• WHAT YOU HAVE TO DO: Count the lines of the data that have the word "infinity", then report the number without anything else.
[Opening DATA RECORDS section]
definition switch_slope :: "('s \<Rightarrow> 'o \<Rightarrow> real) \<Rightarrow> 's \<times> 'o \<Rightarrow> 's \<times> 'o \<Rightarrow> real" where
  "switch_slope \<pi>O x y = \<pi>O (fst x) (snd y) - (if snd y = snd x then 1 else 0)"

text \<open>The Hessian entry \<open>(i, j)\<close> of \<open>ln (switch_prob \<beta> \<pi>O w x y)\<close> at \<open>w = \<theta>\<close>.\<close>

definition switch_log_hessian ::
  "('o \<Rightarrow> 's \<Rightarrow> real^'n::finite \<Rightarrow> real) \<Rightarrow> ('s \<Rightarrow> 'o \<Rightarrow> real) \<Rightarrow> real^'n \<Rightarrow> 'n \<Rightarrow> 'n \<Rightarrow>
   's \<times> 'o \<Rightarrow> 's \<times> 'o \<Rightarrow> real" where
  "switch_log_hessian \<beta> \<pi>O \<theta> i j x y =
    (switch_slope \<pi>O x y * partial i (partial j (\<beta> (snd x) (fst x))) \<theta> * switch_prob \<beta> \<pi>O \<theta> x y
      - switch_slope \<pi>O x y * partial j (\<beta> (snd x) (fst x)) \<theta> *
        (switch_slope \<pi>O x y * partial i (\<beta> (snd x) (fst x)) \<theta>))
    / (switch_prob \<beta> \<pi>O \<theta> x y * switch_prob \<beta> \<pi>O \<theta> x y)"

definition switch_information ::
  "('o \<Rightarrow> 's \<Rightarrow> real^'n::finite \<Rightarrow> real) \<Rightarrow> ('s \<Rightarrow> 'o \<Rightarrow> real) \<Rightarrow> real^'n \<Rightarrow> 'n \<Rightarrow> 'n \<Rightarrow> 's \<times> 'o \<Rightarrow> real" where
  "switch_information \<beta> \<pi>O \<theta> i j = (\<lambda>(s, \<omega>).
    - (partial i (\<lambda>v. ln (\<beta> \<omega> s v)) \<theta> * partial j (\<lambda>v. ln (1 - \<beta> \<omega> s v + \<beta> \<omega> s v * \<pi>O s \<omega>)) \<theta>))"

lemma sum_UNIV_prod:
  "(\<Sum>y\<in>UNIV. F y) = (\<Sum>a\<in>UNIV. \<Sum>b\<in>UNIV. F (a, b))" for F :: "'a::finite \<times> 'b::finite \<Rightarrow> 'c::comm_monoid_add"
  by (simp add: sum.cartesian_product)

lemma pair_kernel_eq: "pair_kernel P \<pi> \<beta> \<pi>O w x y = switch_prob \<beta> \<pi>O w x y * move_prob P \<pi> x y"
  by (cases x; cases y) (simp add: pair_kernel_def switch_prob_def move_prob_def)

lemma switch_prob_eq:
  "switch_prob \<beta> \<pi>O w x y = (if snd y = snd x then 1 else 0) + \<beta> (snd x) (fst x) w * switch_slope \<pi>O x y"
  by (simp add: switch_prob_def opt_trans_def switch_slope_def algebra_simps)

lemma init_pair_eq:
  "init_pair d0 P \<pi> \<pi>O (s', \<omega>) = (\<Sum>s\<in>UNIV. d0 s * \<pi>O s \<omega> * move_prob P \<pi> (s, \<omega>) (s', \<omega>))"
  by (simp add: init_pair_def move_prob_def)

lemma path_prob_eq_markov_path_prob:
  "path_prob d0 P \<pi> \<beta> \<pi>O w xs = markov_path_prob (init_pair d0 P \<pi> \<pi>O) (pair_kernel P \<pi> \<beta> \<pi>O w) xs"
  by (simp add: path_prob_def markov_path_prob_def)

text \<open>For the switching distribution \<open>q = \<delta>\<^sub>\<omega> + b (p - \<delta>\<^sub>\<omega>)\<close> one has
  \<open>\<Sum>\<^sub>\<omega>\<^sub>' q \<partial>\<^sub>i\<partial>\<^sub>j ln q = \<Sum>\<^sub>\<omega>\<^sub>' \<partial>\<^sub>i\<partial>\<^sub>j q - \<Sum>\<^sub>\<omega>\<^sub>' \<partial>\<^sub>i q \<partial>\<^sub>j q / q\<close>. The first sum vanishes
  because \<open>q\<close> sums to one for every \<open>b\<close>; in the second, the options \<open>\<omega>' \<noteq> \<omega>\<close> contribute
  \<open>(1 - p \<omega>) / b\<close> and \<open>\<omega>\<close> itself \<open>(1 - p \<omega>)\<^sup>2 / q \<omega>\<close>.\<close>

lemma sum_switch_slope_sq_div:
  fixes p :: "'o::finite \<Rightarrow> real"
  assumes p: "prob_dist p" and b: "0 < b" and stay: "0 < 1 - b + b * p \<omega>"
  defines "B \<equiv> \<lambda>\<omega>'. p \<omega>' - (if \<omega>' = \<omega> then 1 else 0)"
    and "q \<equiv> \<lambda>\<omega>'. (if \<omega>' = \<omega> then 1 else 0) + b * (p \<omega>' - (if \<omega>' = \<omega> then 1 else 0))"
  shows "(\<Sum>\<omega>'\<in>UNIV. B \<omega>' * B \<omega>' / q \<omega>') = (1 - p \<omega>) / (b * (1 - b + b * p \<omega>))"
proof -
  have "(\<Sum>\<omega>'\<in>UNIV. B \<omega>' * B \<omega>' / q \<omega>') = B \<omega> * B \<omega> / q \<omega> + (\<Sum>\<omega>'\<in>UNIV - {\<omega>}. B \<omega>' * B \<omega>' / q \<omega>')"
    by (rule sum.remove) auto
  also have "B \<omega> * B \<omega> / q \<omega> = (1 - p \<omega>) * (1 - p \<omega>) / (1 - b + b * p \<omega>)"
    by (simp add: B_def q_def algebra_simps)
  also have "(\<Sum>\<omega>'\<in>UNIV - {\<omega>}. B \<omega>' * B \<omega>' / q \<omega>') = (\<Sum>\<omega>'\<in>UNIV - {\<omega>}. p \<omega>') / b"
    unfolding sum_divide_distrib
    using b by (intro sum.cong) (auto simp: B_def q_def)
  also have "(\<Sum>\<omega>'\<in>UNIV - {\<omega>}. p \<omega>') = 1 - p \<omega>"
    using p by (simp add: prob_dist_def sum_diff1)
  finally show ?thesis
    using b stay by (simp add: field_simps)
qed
[Closing DATA RECORDS section]
[Opening DATA RECORDS section]
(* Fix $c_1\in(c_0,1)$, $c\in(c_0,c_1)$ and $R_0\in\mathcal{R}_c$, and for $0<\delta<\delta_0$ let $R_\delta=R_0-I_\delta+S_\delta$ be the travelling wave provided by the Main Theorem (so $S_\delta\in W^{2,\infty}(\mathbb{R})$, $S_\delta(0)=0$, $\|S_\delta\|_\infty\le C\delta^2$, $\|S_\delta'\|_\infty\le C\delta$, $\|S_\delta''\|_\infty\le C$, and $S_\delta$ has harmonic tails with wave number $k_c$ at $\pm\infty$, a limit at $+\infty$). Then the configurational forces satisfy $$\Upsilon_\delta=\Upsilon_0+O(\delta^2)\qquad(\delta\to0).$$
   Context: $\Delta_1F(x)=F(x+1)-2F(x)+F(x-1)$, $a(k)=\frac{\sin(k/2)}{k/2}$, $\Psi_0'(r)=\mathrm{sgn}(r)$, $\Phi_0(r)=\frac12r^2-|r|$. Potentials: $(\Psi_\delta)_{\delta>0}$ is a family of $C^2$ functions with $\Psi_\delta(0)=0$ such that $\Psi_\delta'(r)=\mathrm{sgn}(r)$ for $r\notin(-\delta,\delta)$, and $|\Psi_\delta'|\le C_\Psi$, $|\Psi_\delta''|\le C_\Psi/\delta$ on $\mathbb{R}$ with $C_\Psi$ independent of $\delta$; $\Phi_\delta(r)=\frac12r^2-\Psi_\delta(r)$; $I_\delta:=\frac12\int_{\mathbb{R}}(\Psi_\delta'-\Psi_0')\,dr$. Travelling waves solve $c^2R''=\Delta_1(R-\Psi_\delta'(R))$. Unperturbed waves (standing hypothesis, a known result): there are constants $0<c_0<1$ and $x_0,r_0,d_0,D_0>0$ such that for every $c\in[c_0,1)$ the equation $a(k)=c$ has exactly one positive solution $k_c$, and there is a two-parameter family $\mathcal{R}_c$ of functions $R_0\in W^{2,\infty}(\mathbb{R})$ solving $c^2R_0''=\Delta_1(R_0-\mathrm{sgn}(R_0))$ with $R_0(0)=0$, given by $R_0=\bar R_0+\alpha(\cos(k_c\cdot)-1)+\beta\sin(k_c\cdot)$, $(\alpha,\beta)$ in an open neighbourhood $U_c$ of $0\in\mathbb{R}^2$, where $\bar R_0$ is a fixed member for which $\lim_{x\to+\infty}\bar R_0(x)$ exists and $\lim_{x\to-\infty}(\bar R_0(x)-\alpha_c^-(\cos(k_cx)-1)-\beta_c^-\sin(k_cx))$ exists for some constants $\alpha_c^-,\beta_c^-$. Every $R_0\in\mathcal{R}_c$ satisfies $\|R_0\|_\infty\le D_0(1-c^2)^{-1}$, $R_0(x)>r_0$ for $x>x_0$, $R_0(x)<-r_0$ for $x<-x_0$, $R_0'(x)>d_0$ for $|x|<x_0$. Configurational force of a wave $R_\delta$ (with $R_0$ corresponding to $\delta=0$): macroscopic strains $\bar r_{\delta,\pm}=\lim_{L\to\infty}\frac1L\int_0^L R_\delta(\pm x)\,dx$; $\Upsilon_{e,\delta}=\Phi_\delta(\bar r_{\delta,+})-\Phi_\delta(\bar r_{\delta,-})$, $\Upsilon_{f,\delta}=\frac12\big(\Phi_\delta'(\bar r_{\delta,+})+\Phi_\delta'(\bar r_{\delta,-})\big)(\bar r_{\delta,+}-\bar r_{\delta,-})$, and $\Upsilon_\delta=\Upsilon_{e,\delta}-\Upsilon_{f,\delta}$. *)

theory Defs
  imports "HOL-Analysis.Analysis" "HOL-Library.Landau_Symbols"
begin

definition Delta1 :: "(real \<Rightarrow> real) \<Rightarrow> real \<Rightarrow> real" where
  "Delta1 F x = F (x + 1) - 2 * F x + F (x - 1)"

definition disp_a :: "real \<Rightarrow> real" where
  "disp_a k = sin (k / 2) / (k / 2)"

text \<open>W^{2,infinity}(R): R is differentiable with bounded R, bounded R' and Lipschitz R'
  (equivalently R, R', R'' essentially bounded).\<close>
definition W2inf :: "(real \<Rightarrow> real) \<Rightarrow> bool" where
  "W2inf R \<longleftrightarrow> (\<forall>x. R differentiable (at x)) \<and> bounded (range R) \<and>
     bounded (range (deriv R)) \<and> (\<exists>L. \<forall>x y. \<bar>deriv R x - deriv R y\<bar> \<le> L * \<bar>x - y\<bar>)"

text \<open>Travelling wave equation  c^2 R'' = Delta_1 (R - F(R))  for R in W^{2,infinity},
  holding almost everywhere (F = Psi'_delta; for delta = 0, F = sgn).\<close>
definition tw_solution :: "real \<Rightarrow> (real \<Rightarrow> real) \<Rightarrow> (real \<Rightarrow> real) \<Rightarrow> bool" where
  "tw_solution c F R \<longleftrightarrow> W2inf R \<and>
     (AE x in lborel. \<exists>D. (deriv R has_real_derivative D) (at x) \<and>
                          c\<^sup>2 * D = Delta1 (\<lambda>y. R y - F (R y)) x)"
[Closing DATA RECORDS section]
• SOLUTION FOR THIS EXERCISE: 2